The optimization is set to terminate if the swarm moves \(\le 10^{-8}\) from its best position or if the change in the swarm’s best objective value is \(\le 10^{-8}\). The swarm size is set to 25, with a maximum number of 20 iterations.
The SwarmTCR model
We define as “training set” the TCRs used to obtain an optimal set of weights maximizing average precision, and test set as the TCRs where the performance of the optimal weights is evaluated. Within both sets, we have a reference subset containing labeled TCRs and a sample subset that the nearest neighbor approach compares against the reference subset to infer peptide labels for the TCRs.
Training and test sets for SC and BS data were constructed differently due to data availability, with BS data being much more abundant than SC data.
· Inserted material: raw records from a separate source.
definition inputs_B :: "real \<Rightarrow> (real^'m) set \<Rightarrow> (real \<Rightarrow> real^'m) set" where
  "inputs_B \<tau> U = {w. (\<forall>\<theta>\<in>{-\<tau>..<0}. w \<theta> \<in> U) \<and> bounded (w ` {-\<tau>..<0})
      \<and> (AE \<theta> in lborel. \<theta> \<in> {-\<tau>..<0} \<longrightarrow> continuous (at \<theta> within {-\<tau>..<0}) w)}"

definition open_loop_sol ::
  "(real^'n) set \<Rightarrow> (real^'n \<Rightarrow> real^'n) \<Rightarrow> (real^'n \<Rightarrow> real^'m^'n) \<Rightarrow> real
   \<Rightarrow> real^'n \<Rightarrow> (real \<Rightarrow> real^'m) \<Rightarrow> (real \<Rightarrow> real^'n) \<Rightarrow> bool" where
  "open_loop_sol X f g \<tau> x w \<xi> \<longleftrightarrow>
     (\<forall>s\<in>{0..\<tau>}. \<xi> s \<in> X \<and>
        ((\<lambda>\<phi>. f (\<xi> \<phi>) + g (\<xi> \<phi>) *v w (\<phi> - \<tau>)) has_integral (\<xi> s - x)) {0..s})"

definition Psi ::
  "(real^'n) set \<Rightarrow> (real^'n \<Rightarrow> real^'n) \<Rightarrow> (real^'n \<Rightarrow> real^'m^'n) \<Rightarrow> real
   \<Rightarrow> real \<Rightarrow> real^'n \<Rightarrow> (real \<Rightarrow> real^'m) \<Rightarrow> real^'n" where
  "Psi X f g \<tau> vt x w = (THE y. \<exists>\<xi>. open_loop_sol X f g \<tau> x w \<xi> \<and> \<xi> vt = y)"

definition open_loop_wellposed ::
  "(real^'n) set \<Rightarrow> (real^'m) set \<Rightarrow> (real^'n \<Rightarrow> real^'n) \<Rightarrow> (real^'n \<Rightarrow> real^'m^'n) \<Rightarrow> real \<Rightarrow> bool" where
  "open_loop_wellposed X U f g \<tau> \<longleftrightarrow>
     (\<forall>x\<in>X. \<forall>w\<in>inputs_B \<tau> U.
        (\<exists>\<xi>. open_loop_sol X f g \<tau> x w \<xi>) \<and>
        (\<forall>\<xi>1 \<xi>2. open_loop_sol X f g \<tau> x w \<xi>1 \<longrightarrow> open_loop_sol X f g \<tau> x w \<xi>2
            \<longrightarrow> (\<forall>s\<in>{0..\<tau>}. \<xi>1 s = \<xi>2 s)))"

definition Hdot ::
  "(real^'n \<Rightarrow> real^'l \<Rightarrow> real^'n) \<Rightarrow> (real^'n \<Rightarrow> real^'l \<Rightarrow> real^'l)
   \<Rightarrow> (real^'n \<Rightarrow> real^'n) \<Rightarrow> (real^'n \<Rightarrow> real^'m^'n)
   \<Rightarrow> real^'n \<Rightarrow> real^'l \<Rightarrow> real^'l \<Rightarrow> real^'m \<Rightarrow> real" where
  "Hdot Hx He f g x e ed u = Hx x e \<bullet> (f x + g x *v u) + He x e \<bullet> ed"

definition safe_set :: "(real^'n) set \<Rightarrow> (real^'l) set \<Rightarrow> (real^'n \<Rightarrow> real^'l \<Rightarrow> real)
    \<Rightarrow> ((real^'n) \<times> (real^'l)) set" where
  "safe_set X E H = {(x, e). x \<in> X \<and> e \<in> E \<and> H x e \<ge> 0}"
lemma subst_word_eval_word: assumes "\<forall>v\<in>X. f v \<in> words X" "w \<in> words X"
  shows "subst_word f w \<in> words X \<and> word_class (subst_word f w) = eval_word (\<lambda>v. word_class (f v)) w"
  using assms(2)
proof (induction w)
  case Nil thus ?case by (simp add: one_RAAG)
next
  case (Cons a w)
  have fa: "f (fst a) \<in> words X" using assms(1) Cons.prems by simp
  thus ?case using Cons
    by (auto simp: word_class_append[symmetric] word_class_inv_word letter_image_def)
qed

lemma induced_word_class:
  assumes "\<forall>v\<in>X. f v \<in> words X" "respects_relations (\<lambda>v. word_class (f v))" "w \<in> words X"
  shows "induced X E f (word_class w) = eval_word (\<lambda>v. word_class (f v)) w"
proof -
  have "\<And>w'. w' \<in> word_class w \<Longrightarrow> R `` {subst_word f w'} = eval_word (\<lambda>v. word_class (f v)) w"
  proof -
    fix w' assume "w' \<in> word_class w"
    hence r: "(w, w') \<in> R" by (simp add: mem_word_class)
    hence "w' \<in> words X" using raag_rel_words by blast
    hence "R `` {subst_word f w'} = eval_word (\<lambda>v. word_class (f v)) w'"
      using subst_word_eval_word[OF assms(1)] word_class_def by auto
    also have "\<dots> = eval_word (\<lambda>v. word_class (f v)) w" using eval_word_raag_rel[OF assms(2) r]
      by simp
    finally show "R `` {subst_word f w'} = eval_word (\<lambda>v. word_class (f v)) w" .
  qed
  moreover have "w \<in> word_class w" using assms(3) by (simp add: mem_word_class raag_rel_refl)
  ultimately show ?thesis using assms(3) unfolding induced_def by auto
qed

definition rep_word :: "('v \<Rightarrow> 'v word set) \<Rightarrow> 'v \<Rightarrow> 'v word" where
  "rep_word \<phi> v = (SOME w. w \<in> words X \<and> word_class w = \<phi> v)"

definition extend_hom :: "('v \<Rightarrow> 'v word set) \<Rightarrow> 'v word set \<Rightarrow> 'v word set" where
  "extend_hom \<phi> = induced X E (rep_word \<phi>)"

lemma rep_word_spec: "\<phi> v \<in> carrier G \<Longrightarrow> rep_word \<phi> v \<in> words X \<and> word_class (rep_word \<phi> v) = \<phi> v"
  unfolding rep_word_def by (rule someI_ex) (metis carrier_word_class)

lemma respects_relations_rep_word:
  assumes "respects_relations \<phi>"
  shows "respects_relations (\<lambda>v. word_class (rep_word \<phi> v))"
  using respects_relations_cong[OF assms] rep_word_spec respects_relations_carrier[OF assms]
  by (metis (no_types, lifting))

lemma extend_hom_word_class:
  assumes "respects_relations \<phi>" "w \<in> words X"
  shows "extend_hom \<phi> (word_class w) = eval_word \<phi> w"
proof -
  have "\<forall>v\<in>X. rep_word \<phi> v \<in> words X"
    using rep_word_spec respects_relations_carrier[OF assms(1)] by blast
  hence "extend_hom \<phi> (word_class w) = eval_word (\<lambda>v. word_class (rep_word \<phi> v)) w"
    unfolding extend_hom_def
      by (rule induced_word_class[OF _ respects_relations_rep_word[OF assms(1)] assms(2)])
  also have "\<dots> = eval_word \<phi> w"
    by (rule eval_word_cong[OF _ assms(2)])
      (simp add: rep_word_spec respects_relations_carrier[OF assms(1)])
  finally show ?thesis .
qed

lemma extend_hom_extensional: "extend_hom \<phi> \<in> extensional (carrier G)"
  by (simp add: extend_hom_def induced_def)

lemma extend_hom_carrier:
  assumes "respects_relations \<phi>" "x \<in> carrier G"
  shows "extend_hom \<phi> x \<in> carrier G"
  using assms carrier_word_class[OF assms(2)] extend_hom_word_class eval_word_carrier
    respects_relations_def
    by force

lemma extend_hom_hom: assumes "respects_relations \<phi>" shows "extend_hom \<phi> \<in> hom G G"
proof (rule homI)
  fix x assume "x \<in> carrier G" thus "extend_hom \<phi> x \<in> carrier G" using extend_hom_carrier assms
    by blast
next
  fix x y assume "x \<in> carrier G" "y \<in> carrier G"
  then obtain u w where "u \<in> words X" "w \<in> words X" "x = word_class u" "y = word_class w"
    using carrier_word_class by metis
  thus "extend_hom \<phi> (x \<otimes>\<^bsub>G\<^esub> y) = extend_hom \<phi> x \<otimes>\<^bsub>G\<^esub> extend_hom \<phi> y"
    using assms respects_relations_carrier[OF assms]
      by (simp add: word_class_append extend_hom_word_class eval_word_append)
qed

lemma extend_hom_gen: "respects_relations \<phi> \<Longrightarrow> v \<in> X \<Longrightarrow> extend_hom \<phi> (gen v) = \<phi> v"
  by (simp add: gen_def extend_hom_word_class letter_image_def respects_relations_carrier)
(* With the notation of the context, for every $\Gamma>0$, $$\|\mathbf 1_{B_\Gamma}\mathrm T^{{\rm b},m}\|^2_{kk_1k_2k_3}\lesssim N_{\min}N_{\rm med},$$ $$\|\mathbf 1_{B_\Gamma}\mathrm T^{{\rm b},m}\|^2_{k_1\to kk_2k_3},\ \ \|\mathbf 1_{B_\Gamma}\mathrm T^{{\rm b},m}\|^2_{k_2\to kk_1k_3},\ \ \|\mathbf 1_{B_\Gamma}\mathrm T^{{\rm b},m}\|^2_{k_3\to kk_1k_2}\ \lesssim N_{\rm med}.$$
   Context: Fix $\alpha\in(1,2)$, dyadic numbers $1\le N_1,N_2,N_3\le N$, a real number $m$ and a constant $C_0>0$. Let $S$ be the set of $(k,k_1,k_2,k_3)\in\mathbb Z^4$ with $k=k_1-k_2+k_3$, $k_2\notin\{k_1,k_3\}$, $\big||k_1|^\alpha-|k_2|^\alpha+|k_3|^\alpha-|k|^\alpha-m\big|\le C_0$, $|k|\le N$ and $|k_j|\le N_j$ for $j=1,2,3$. The base tensor is $\mathrm T^{{\rm b},m}_{kk_1k_2k_3}=\mathbf 1_S(k,k_1,k_2,k_3)$. $N_{\max}\ge N_{\rm med}\ge N_{\min}$ is the decreasing rearrangement of $N_1,N_2,N_3$; fix $j_*$ with $N_{j_*}=N_{\max}$ and let $k_{\max}=k_{j_*}$; $B_\Gamma=\{(k,k_1,k_2,k_3)\in S:|k_{\max}|\le\Gamma<|k|\}$. For a tensor $H=H_{k_A}$ and a partition $(B,C)$ of the index set $A$, $\|H\|_{k_B\to k_C}^2=\sup\{\sum_{k_C}|\sum_{k_B}H_{k_A}z_{k_B}|^2:\sum_{k_B}|z_{k_B}|^2=1\}$; $\|H\|_{k_A}$ is the $\ell^2_{k_A}$ norm. $A\lesssim B$ means $A\le CB$ with $C$ depending only on $\alpha$ and $C_0$. *)

theory Defs
  imports "HOL-Analysis.Analysis"
begin

type_synonym idx4 = "int \<times> int \<times> int \<times> int"   (* (k, k1, k2, k3) *)

definition dyadic :: "nat \<Rightarrow> bool" where
  "dyadic N \<longleftrightarrow> (\<exists>n::nat. N = 2 ^ n)"

definition med3 :: "nat \<Rightarrow> nat \<Rightarrow> nat \<Rightarrow> nat" where
  "med3 a b c = a + b + c - max a (max b c) - min a (min b c)"

definition resS :: "real \<Rightarrow> real \<Rightarrow> real \<Rightarrow> nat \<Rightarrow> nat \<Rightarrow> nat \<Rightarrow> nat \<Rightarrow> idx4 set" where
  "resS \<alpha> C0 m N N1 N2 N3 = {(k, k1, k2, k3).
      k = k1 - k2 + k3 \<and> k2 \<noteq> k1 \<and> k2 \<noteq> k3 \<and>
      \<bar>(real_of_int \<bar>k1\<bar>) powr \<alpha> - (real_of_int \<bar>k2\<bar>) powr \<alpha> + (real_of_int \<bar>k3\<bar>) powr \<alpha>
        - (real_of_int \<bar>k\<bar>) powr \<alpha> - m\<bar> \<le> C0 \<and>
      \<bar>k\<bar> \<le> int N \<and> \<bar>k1\<bar> \<le> int N1 \<and> \<bar>k2\<bar> \<le> int N2 \<and> \<bar>k3\<bar> \<le> int N3}"

definition Tbase :: "real \<Rightarrow> real \<Rightarrow> real \<Rightarrow> nat \<Rightarrow> nat \<Rightarrow> nat \<Rightarrow> nat \<Rightarrow> idx4 \<Rightarrow> complex" where
  "Tbase \<alpha> C0 m N N1 N2 N3 = indicator (resS \<alpha> C0 m N N1 N2 N3)"

definition kcomp :: "nat \<Rightarrow> idx4 \<Rightarrow> int" where
  "kcomp j x = (case x of (k, k1, k2, k3) \<Rightarrow> if j = 1 then k1 else if j = 2 then k2 else k3)"

definition Bset :: "real \<Rightarrow> real \<Rightarrow> real \<Rightarrow> nat \<Rightarrow> nat \<Rightarrow> nat \<Rightarrow> nat \<Rightarrow> nat \<Rightarrow> real \<Rightarrow> idx4 set" where
  "Bset \<alpha> C0 m N N1 N2 N3 js \<Gamma> =
     {x \<in> resS \<alpha> C0 m N N1 N2 N3. real_of_int \<bar>kcomp js x\<bar> \<le> \<Gamma> \<and> \<Gamma> < real_of_int \<bar>fst x\<bar>}"

definition hs_norm_sq :: "('a \<Rightarrow> complex) \<Rightarrow> real" where
  "hs_norm_sq H = (\<Sum>\<^sub>\<infinity>x. (cmod (H x))\<^sup>2)"

text \<open>Squared operator norm k_B -> k_C of a tensor written as H b c
  (b = input indices, c = output indices).\<close>
definition op_norm_sq :: "('b \<Rightarrow> 'c \<Rightarrow> complex) \<Rightarrow> real" where
  "op_norm_sq H = Sup {(\<Sum>\<^sub>\<infinity>c. (cmod (\<Sum>\<^sub>\<infinity>b. H b c * z b))\<^sup>2) | z.
       (\<lambda>b. (cmod (z b))\<^sup>2) summable_on UNIV \<and> (\<Sum>\<^sub>\<infinity>b. (cmod (z b))\<^sup>2) = 1}"

end

theory Submission
  imports Defs
begin

text \<open>
  The Hilbert-Schmidt norm of the truncated tensor is the number of points of \<open>B\<^sub>\<Gamma>\<close>, and
  since the output and one input frequency determine the remaining one, each operator norm is
  at most the largest number of points of \<open>B\<^sub>\<Gamma>\<close> with one frequency \<open>k\<^sub>j\<close> fixed (a row).
  Everything therefore reduces to showing that a row has \<open>O(L)\<close> points, where \<open>L \<le> 2 N\<^sub>m\<^sub>e\<^sub>d\<close>
  is the sum of the two non-maximal \<open>N\<^sub>i\<close>; summing the rows of the smallest frequency gives
  the Hilbert-Schmidt bound.

  A row splits into fibres along which a single integer \<open>x\<close> varies, and on each fibre the
  resonance function, a combination of \<open>|x|\<^sup>\<alpha>\<close> and of \<open>|x + c|\<^sup>\<alpha>\<close> for a fixed \<open>c\<close>, stays in a
  window of width \<open>2 C\<^sub>0\<close>; a fibre is small as soon as this combination separates points.
  If \<open>|k\<^sub>m\<^sub>a\<^sub>x| \<le> 3L\<close>, all frequencies are \<open>O(L)\<close> and convexity separates at rate
  \<open>|c| L\<^sup>\<alpha>\<^sup>-\<^sup>2\<close>, so the fibre has \<open>O(1 + L\<^sup>2\<^sup>-\<^sup>\<alpha>/|c|)\<close> points; as \<open>\<alpha> > 1\<close>, the harmonic sum over
  \<open>|c| \<le> 4L\<close> is \<open>O(L\<^sup>\<alpha>\<^sup>-\<^sup>1)\<close> and the row has \<open>O(L)\<close> points. Otherwise \<open>|k| > 3L\<close>, the
  dispersion of the large frequency dominates that of the small ones, and each of the \<open>O(L)\<close>
  fibres has \<open>O(1)\<close> points. Exchanging \<open>k\<^sub>1\<close> and \<open>k\<^sub>3\<close> reduces to the cases where the maximal
  frequency is \<open>k\<^sub>1\<close> or \<open>k\<^sub>2\<close>.
\<close>

section \<open>Estimates for real powers\<close>

lemma powr_mean_value:
  fixes u v q :: real
  assumes "0 < u" "u < v"
  shows "\<exists>\<xi>. u < \<xi> \<and> \<xi> < v \<and> v powr q - u powr q = (v - u) * (q * \<xi> powr (q - 1))"
proof -
  have "\<And>x. u \<le> x \<Longrightarrow> x \<le> v \<Longrightarrow> ((\<lambda>x. x powr q) has_real_derivative q * x powr (q - 1)) (at x)"
    using assms by (intro has_real_derivative_powr) auto
  from MVT2[OF assms(2) this] show ?thesis by auto
qed
text \<open>Two edges with the same image share their vertex outside {A, B}; they cannot meet
  {A, B} in different vertices, for that would close a triangle.\<close>
lemma inj_on_contract_uedges: "inj_on (\<lambda>e. L ` e) (uedges E - {{A, B}})"
proof (rule inj_onI)
  fix e1 e2 assume e1: "e1 \<in> uedges E - {{A, B}}" and e2: "e2 \<in> uedges E - {{A, B}}"
    and eq: "L ` e1 = L ` e2"
  show "e1 = e2"
  proof (cases rule: uedge_cases[OF e1])
    case 1
    then show ?thesis
    proof (cases rule: uedge_cases[OF e2])
      case 1 then show ?thesis using \<open>L ` e1 = e1\<close> eq by simp
    next
      case (2 x z) then show ?thesis using \<open>L ` e1 = e1\<close> \<open>A \<notin> e1\<close> eq by auto
    qed
  next
    case (2 x1 z1)
    then show ?thesis
    proof (cases rule: uedge_cases[OF e2])
      case 1 then show ?thesis using \<open>L ` e1 = {A, z1}\<close> eq by auto
    next
      case (2 x2 z2)
      have "z1 = z2" using \<open>L ` e1 = {A, z1}\<close> \<open>L ` e2 = {A, z2}\<close> \<open>z1 \<notin> {A, B}\<close> \<open>z2 \<notin> {A, B}\<close> eq
        by (auto simp: doubleton_eq_iff)
      moreover have "x1 = x2"
        using \<open>x1 \<in> {A, B}\<close> \<open>x2 \<in> {A, B}\<close> \<open>(x1, z1) \<in> E\<close> \<open>(x2, z2) \<in> E\<close> \<open>z1 = z2\<close>
          no_common_neighbour[of z1] edge_sym by blast
      ultimately show ?thesis using \<open>e1 = {x1, z1}\<close> \<open>e2 = {x2, z2}\<close> by simp
    qed
  qed
qed

lemma card_uedges_contract: "card (uedges E') = card (V - {B}) - 1"
proof -
  have "finite (uedges E)" using finite_uedges[OF finite_V edges_subset] .
  moreover have "{A, B} \<in> uedges E" using edge unfolding uedges_def by blast
  ultimately show ?thesis
    using card_uedges finite_V B_in_V
    by (simp add: uedges_contract card_image[OF inj_on_contract_uedges] card_Diff_singleton)
qed

theorem tree_on_contract: "tree_on (V - {B}) E'"
  unfolding tree_on_def
proof (intro conjI)
  show "finite (V - {B})" using finite_V by simp
  show "E' \<subseteq> (V - {B}) \<times> (V - {B})"
    using edges_subset merge_in_V by (fastforce elim: contract_edgesE)
  show "sym E'"
    by (rule symI) (auto elim!: contract_edgesE intro: contract_edgesI edge_sym)
  show "irrefl E'"
    unfolding irrefl_def by (auto elim: contract_edgesE)
  show "\<forall>x\<in>V - {B}. \<forall>y\<in>V - {B}. (x, y) \<in> E'\<^sup>*"
    using connected rtrancl_contract by (metis DiffD1 DiffD2 insertI1 merge_vertex_other)
  show "card (uedges E') = card (V - {B}) - 1"
    by (rule card_uedges_contract)
qed

end

definition contract_tree :: "ltree \<Rightarrow> nat \<Rightarrow> nat \<Rightarrow> ltree" where
  "contract_tree G a b =
     \<lparr>ints = ints G - {b}, edges = contract_edges (lift (merge_vertex a b)) (edges G)\<rparr>"

lemma ints_contract_tree [simp]: "ints (contract_tree G a b) = ints G - {b}"
  unfolding contract_tree_def by simp

lemma lift_merge_vertex: "lift (merge_vertex a b) = merge_vertex (Inn a) (Inn b)"
proof
  fix x show "lift (merge_vertex a b) x = merge_vertex (Inn a) (Inn b) x"
    by (cases x) (simp_all add: merge_vertex_def)
qed

lemma stable_tree_iff:
  "stable_tree n G \<longleftrightarrow> finite (ints G) \<and> tree_on (nodes n G) (edges G)
     \<and> (\<forall>i\<in>{1..n}. deg G (Lf i) = 1) \<and> (\<forall>v\<in>ints G. 3 \<le> deg G (Inn v))"
  unfolding stable_tree_def is_tree_iff_tree_on by simp

lemma stable_tree_edge_sym: "stable_tree n G \<Longrightarrow> (x, y) \<in> edges G \<Longrightarrow> (y, x) \<in> edges G"
  unfolding stable_tree_iff tree_on_def by (auto dest: symD)

context
  fixes n G a b
  assumes st: "stable_tree n G" and a: "a \<in> ints G" and b: "b \<in> ints G"
    and ab: "(Inn a, Inn b) \<in> edges G"
begin

interpretation tree_edge "nodes n G" "edges G" "Inn a" "Inn b"
  using st ab by unfold_locales (simp_all add: stable_tree_iff)

lemma edges_contract_tree: "edges (contract_tree G a b) = E'"
  by (simp add: contract_tree_def lift_merge_vertex)

lemma nodes_contract_tree: "nodes n (contract_tree G a b) = nodes n G - {Inn b}"
  unfolding nodes_def contract_tree_def by auto

lemma deg_contract_tree_merged:
  "deg (contract_tree G a b) (Inn a) = deg G (Inn a) + deg G (Inn b) - 2"
  unfolding deg_def edges_contract_tree by (rule neighbours_contract_merged)

lemma stable_tree_contract_tree: "stable_tree n (contract_tree G a b)"
  unfolding stable_tree_iff
proof (intro conjI ballI)
  show "finite (ints (contract_tree G a b))"
    using st by (simp add: stable_tree_iff)
  show "tree_on (nodes n (contract_tree G a b)) (edges (contract_tree G a b))"
    unfolding nodes_contract_tree edges_contract_tree by (rule tree_on_contract)
  show "deg (contract_tree G a b) (Lf i) = 1" if "i \<in> {1..n}" for i
    using st that neighbours_contract_other[of "Lf i"]
    by (simp add: deg_def edges_contract_tree stable_tree_iff)
  show "3 \<le> deg (contract_tree G a b) (Inn v)" if "v \<in> ints (contract_tree G a b)" for v
  proof (cases "v = a")
    case True
    have "3 \<le> deg G (Inn a)" "3 \<le> deg G (Inn b)" using st a b by (simp_all add: stable_tree_iff)
    then show ?thesis using True by (simp add: deg_contract_tree_merged)
  next
    case False
    then have "deg (contract_tree G a b) (Inn v) = deg G (Inn v)"
      using that neighbours_contract_other[of "Inn v"]
      by (simp add: deg_def edges_contract_tree)
    then show ?thesis using st that by (simp add: stable_tree_iff)
  qed
qed

lemma contraction_contract_tree: "contraction n G (contract_tree G a b) (merge_vertex a b)"
  unfolding contraction_def
proof (intro conjI ballI)
  show "stable_tree n G" by (rule st)
  show "stable_tree n (contract_tree G a b)" by (rule stable_tree_contract_tree)
  show "merge_vertex a b ` ints G = ints (contract_tree G a b)"
    using a b A_neq_B unfolding merge_vertex_def by force
  show "edges (contract_tree G a b) = {(lift (merge_vertex a b) x, lift (merge_vertex a b) y) |x y.
      (x, y) \<in> edges G \<and> lift (merge_vertex a b) x \<noteq> lift (merge_vertex a b) y}"
    unfolding contract_tree_def contract_edges_def by simp
  fix v' assume "v' \<in> ints (contract_tree G a b)"
  show "let F = {v \<in> ints G. merge_vertex a b v = v'}
        in \<forall>x\<in>F. \<forall>y\<in>F. (Inn x, Inn y) \<in> (edges G \<inter> Inn ` F \<times> Inn ` F)\<^sup>*"
    unfolding Let_def
  proof (intro ballI)
    fix x y assume x: "x \<in> {v \<in> ints G. merge_vertex a b v = v'}"
      and y: "y \<in> {v \<in> ints G. merge_vertex a b v = v'}"
    show "(Inn x, Inn y) \<in> (edges G \<inter> Inn ` {v \<in> ints G. merge_vertex a b v = v'}
        \<times> Inn ` {v \<in> ints G. merge_vertex a b v = v'})\<^sup>*"
    proof (cases "x = y")
      case False
      then have "{x, y} = {a, b}" using x y by (auto simp: merge_vertex_def split: if_splits)
      then have "(Inn x, Inn y) \<in> edges G"
        using ab edge_sym by (auto simp: doubleton_eq_iff)
      then show ?thesis using x y by (intro r_into_rtrancl) auto
    qed simp
  qed
qed

lemma extremal_contract_tree_merged:
  assumes "extremal_assignment n Z"
  shows "a \<in> Z (contract_tree G a b) \<longleftrightarrow> a \<in> Z G \<and> b \<in> Z G"
proof -
  have "a \<in> ints (contract_tree G a b)" using a A_neq_B by simp
  then have "a \<in> Z (contract_tree G a b) \<longleftrightarrow> (\<forall>v\<in>ints G. merge_vertex a b v = a \<longrightarrow> v \<in> Z G)"
    using assms contraction_contract_tree unfolding extremal_assignment_def by blast
  also have "\<dots> \<longleftrightarrow> a \<in> Z G \<and> b \<in> Z G"
    using a b by (auto simp: merge_vertex_eq_iff)
  finally show ?thesis .
qed

end

lemma ext_equiv_diff_not_adjacent:
  assumes Z1: "extremal_assignment n Z1" and Z2: "extremal_assignment n Z2"
    and equiv: "ext_equiv n Z1 Z2" and st: "stable_tree n G"
    and ab: "(Inn a, Inn b) \<in> edges G" and a: "a \<in> Z1 G - Z2 G" and b: "b \<in> Z1 G"
  shows False
proof -
  have ints: "a \<in> ints G" "b \<in> ints G" using Z1 st a b unfolding extremal_assignment_def by auto
  let ?G' = "contract_tree G a b"
  have "a \<in> Z1 ?G' - Z2 ?G'"
    using extremal_contract_tree_merged[OF st ints ab Z1]
      extremal_contract_tree_merged[OF st ints ab Z2] a b by blast
  then have "deg ?G' (Inn a) = 3"
    using equiv stable_tree_contract_tree[OF st ints ab]
    unfolding ext_equiv_def deg3_isolated_def by blast
  moreover have "deg G (Inn a) \<ge> 3" "deg G (Inn b) \<ge> 3"
    using st ints by (auto simp: stable_tree_iff)
  ultimately show False using deg_contract_tree_merged[OF st ints ab] by simp
qed

lemma ext_equiv_refl: "ext_equiv n Z Z"
  unfolding ext_equiv_def deg3_isolated_def by simp

lemma ext_equiv_sym: "ext_equiv n Z1 Z2 \<Longrightarrow> ext_equiv n Z2 Z1"
  unfolding ext_equiv_def by blast

lemma deg3_isolated_diff_trans:
  assumes Z1: "extremal_assignment n Z1" and Z2: "extremal_assignment n Z2"
    and e12: "ext_equiv n Z1 Z2" and e23: "ext_equiv n Z2 Z3" and st: "stable_tree n G"
  shows "deg3_isolated G (Z1 G - Z3 G)"
  unfolding deg3_isolated_def
proof (intro ballI conjI notI)
  have d12: "deg3_isolated G (Z1 G - Z2 G)" and d23: "deg3_isolated G (Z2 G - Z3 G)"
    using e12 e23 st unfolding ext_equiv_def by blast+
  fix v assume v: "v \<in> Z1 G - Z3 G"
  show "deg G (Inn v) = 3"
    using v d12 d23 unfolding deg3_isolated_def by (cases "v \<in> Z2 G") auto
  fix w assume w: "w \<in> Z1 G - Z3 G" and "adj G (Inn v) (Inn w)"
  then have vw: "(Inn v, Inn w) \<in> edges G" and wv: "(Inn w, Inn v) \<in> edges G"
    using stable_tree_edge_sym[OF st] unfolding adj_def by blast+
  consider "v \<in> Z2 G" "w \<in> Z2 G" | "v \<notin> Z2 G" "w \<notin> Z2 G"
    | "v \<in> Z2 G" "w \<notin> Z2 G" | "v \<notin> Z2 G" "w \<in> Z2 G" by blast
  then show False
  proof cases
    case 1 then show ?thesis using v w vw d23 unfolding deg3_isolated_def adj_def by blast
  next
    case 2 then show ?thesis using v w vw d12 unfolding deg3_isolated_def adj_def by blast
  next
    case 3 then show ?thesis using ext_equiv_diff_not_adjacent[OF Z1 Z2 e12 st wv] v w by blast
  next
    case 4 then show ?thesis using ext_equiv_diff_not_adjacent[OF Z1 Z2 e12 st vw] v w by blast
  qed
qed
For BS, the training and test sets were filled using a 50/50 split, and for both training and test sets half of the TCRs specific for a particular peptide were placed into the reference subset and the remainder into the sample subset (Fig. 6A).
For SC, 30% of all TCRs specific for a peptide were placed into the reference subset for both training and testing sets. The same reference subset was used in training and testing due to limited amounts of SC data (see Additional file 1: Table 4). In order to create the sample subsets for training and testing, the remaining 70% (TCR specific) undergoes another 70/30 split (Fig. 6B). We note that the sample reference sets are distinct for training and test. We also ensured that the different proportions of TCR peptide specificities were equally represented in training and test sets.
Once data was randomly allocated into the training and test sets as described above, we performed the PSO procedure on the training set. Each solution (optimal set of weights maximizing average precision) was then applied to the test set. Cross-validation was performed using repeated random sub-sampling for 50 iterations on both SC and BS datasets.
Crystal structure contacts and SwarmTCR output
We searched the Protein Data Bank (PDB) for TCR/pMHC crystal structure complexes containing one of the peptides in our TCR repertoires, to compare α and β chain usage and CDR loop usage with SwarmTCR weights.
We found nine complexes with the GILGFVFTL peptide (PDB IDs: 1OGA, 2VLJ, 2VLK, 2VLR, 5EUO, 5E6I, 5ISZ, 5JHD, 5TEZ), three complexes with the NVLPMVATV peptide (PDB IDs: 3GSN, 5D2L, 5D2N), and one complex with the GLCTLVAML peptide (PDB ID: 3O4L). Using the distance threshold discussed in a previous publication [8], we extracted CDR region residues within 4.5Å to the target (peptide, pMHC).
We then compared contact residue counts from the crystal structures to the SwarmTCR weights for each repertoire and the default TCRdist weight set.